New Jersey-based Public Service Enterprise Group (PSEG, formerly Public Service Electric and Gas) says it is on pace to unload all of its substantial non-nuclear generation, leaving it as a wholly nuclear generating company.

PSEGs Bridgeport Harbor

In its 2020 earnings statement Feb. 26, CEO Ralph Izzo touted his company’s strategy “to become primarily a regulated utility with contracted generation, comprised of our zero caron nuclear fleet and recent announcement regarding New Jersey offshore wind through out partnership with Orsted North America.” The company announced in August 2020 that it wanted to unload of some 6.75 MW of coal, gas, and solar generation.

The fossil and solar package amounts to some 6.75 GW of nameplate capacity in New Jersey, Connecticut, New York, and Maryland. The company said it will shut down it the Bridgeport Unit 3 in Connecticut this year, the last of the company’s coal-fired generating units.

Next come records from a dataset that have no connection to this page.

(* Write K = W - p. By local density the quadratic form of K is nonnegative on indicator
   functions. For a step function with values c_i in [0,1] on pieces R_i, the form is therefore
   a function of (c_i) that is affine in each c_i separately and nonnegative at the vertices of
   the cube, hence nonnegative on the whole cube, up to the diagonal terms
   (c_i - c_i^2) K(R_i x R_i) whose sum is at most (1 + |p|) e when every piece has measure at
   most e. Atomlessness provides arbitrarily fine partitions, so by approximation the form is
   nonnegative on every measurable function with values in [0,1]. A bounded f is an affine
   image 2b g - b of such a g, and the cross terms of the expansion vanish because p-regularity
   says that K has zero row integrals. *)

(* The form is affine in each coordinate c k, so its minimum over the cube is attained at a
   vertex, where it is a sum over a subset. *)
lemma cube_form_nonneg:
  fixes K :: "'i \<Rightarrow> 'i \<Rightarrow> real" and c :: "'i \<Rightarrow> real"
  assumes "finite I"
    and subset_sums: "\<And>S. S \<subseteq> I \<Longrightarrow> 0 \<le> (\<Sum>a\<in>S. \<Sum>b\<in>S. K a b)"
    and c: "\<And>a. a \<in> I \<Longrightarrow> 0 \<le> c a \<and> c a \<le> 1"
  shows "0 \<le> (\<Sum>a\<in>I. \<Sum>b\<in>I. (if a = b then c a else c a * c b) * K a b)"
proof -
  define F where "F c = (\<Sum>a\<in>I. \<Sum>b\<in>I. (if a = b then c a else c a * c b) * K a b)"
    for c :: "'i \<Rightarrow> real"
  have affine: "F c = (1 - c k) * F (c(k := 0)) + c k * F (c(k := 1))" for c k
  proof -
    have "(if a = b then c a else c a * c b) * K a b =
        (1 - c k) * ((if a = b then (c(k := 0)) a else (c(k := 0)) a * (c(k := 0)) b) * K a b) +
        c k * ((if a = b then (c(k := 1)) a else (c(k := 1)) a * (c(k := 1)) b) * K a b)" for a b
      by (cases "a = k"; cases "b = k"; cases "a = b") (auto simp: algebra_simps)
    then show ?thesis
      unfolding F_def by (simp add: sum.distrib sum_distrib_left)
  qed
  have vertex: "0 \<le> F c" if binary: "\<And>a. a \<in> I \<Longrightarrow> c a = 0 \<or> c a = 1" for c
  proof -
    define S where "S = {a\<in>I. c a = 1}"
    have "S \<subseteq> I"
      by (simp add: S_def)
    have "(\<Sum>b\<in>I. (if a = b then c a else c a * c b) * K a b) = (if a \<in> S then \<Sum>b\<in>S. K a b else 0)"
      if "a \<in> I" for a
      using that unfolding S_def
      by (auto simp: sum.inter_filter[OF \<open>finite I\<close>] intro!: sum.cong sum.neutral dest: binary)
    then have "F c = (\<Sum>a\<in>I. if a \<in> S then \<Sum>b\<in>S. K a b else 0)"
      unfolding F_def by (intro sum.cong refl)
    also have "\<dots> = (\<Sum>a\<in>S. \<Sum>b\<in>S. K a b)"
      using \<open>finite I\<close> \<open>S \<subseteq> I\<close> by (simp add: sum.If_cases Int_absorb1)
    also have "\<dots> \<ge> 0"
      by (rule subset_sums) (auto simp: S_def)
    finally show ?thesis .
  qed
  have "0 \<le> F c"
    if "finite J" "J \<subseteq> I" "\<And>a. a \<in> I \<Longrightarrow> 0 \<le> c a \<and> c a \<le> 1"
      "\<And>a. a \<in> I - J \<Longrightarrow> c a = 0 \<or> c a = 1" for J c
    using that
  proof (induction J arbitrary: c rule: finite_induct)
    case empty
    then show ?case by (intro vertex) auto
  next
    case (insert k J)
    have "0 \<le> F (c(k := v))" if "v = 0 \<or> v = 1" for v
      using insert.hyps insert.prems that by (intro insert.IH) auto
    moreover have "0 \<le> c k" "c k \<le> 1"
      using insert by auto
    ultimately show ?case
      unfolding affine[of c k] by simp
  qed
  then show ?thesis
    using \<open>finite I\<close> c unfolding F_def by blast
qed

definition finite_partition :: "'a measure \<Rightarrow> 'i set \<Rightarrow> ('i \<Rightarrow> 'a set) \<Rightarrow> bool" where
  "finite_partition M I R \<longleftrightarrow> finite I \<and> (\<forall>i\<in>I. R i \<in> sets M) \<and> disjoint_family_on R I
     \<and> (\<Union>i\<in>I. R i) = space M"

definition has_fine_partitions :: "'a measure \<Rightarrow> bool" where
  "has_fine_partitions M \<longleftrightarrow>
     (\<forall>e>0. \<exists>N R. finite_partition M {..<N::nat} R \<and> (\<forall>j<N. measure M (R j) \<le> e))"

A small combustion turbine plant remains in service at the Bridgeport site.

PSEG’s remaining fossil plants are Bergen (1200-MW combined cycle gas plant in New Jersey), Bethlehem (750-MW gas-fired combined cycle plant in New York), Burlington (168-MW combustion turbine in New Jersey), Essex (501-MW combustion turbine plant in New Jersey), Linden (1636-0MW combined cycle gas plant in New Jersey), Kearny (456-MW combustion turbine in New Jersey), Keys Energy Center (761-MW combined cycle plant in Maryland), New Haven (578-MW combustion turbine in Connecticut), and Sewaren (538-MW combustion turbine in New Jersey).

PSEG nuclear fleet consists of the two-unit Salem pressurized water reactor in Lower Alloways Creek, N.J., with the company owning 1,312 MW of the plant’s total nameplate capacity of 2,285, the 1180-MW Hope Creek boiling water reactor on the same site, and 1275 MW of the 2549-MW Peach Bottom boiling water reactor in eastern Pennsylvania.

In his earnings call, Rizzo said his strategy is “to become primarily a regulated utility with contracted generation, comprised of our carbon [free] nuclear fleet and recent announcement regarding New Jersey offshore wind through our partnership with Orsted North America.”

PSEG’s strategic move is an interesting contrast with that of Chicago-base Exelon Corp., which recently said it is splitting off its nation-leading, but economically struggling, nuclear generation  into a separate company.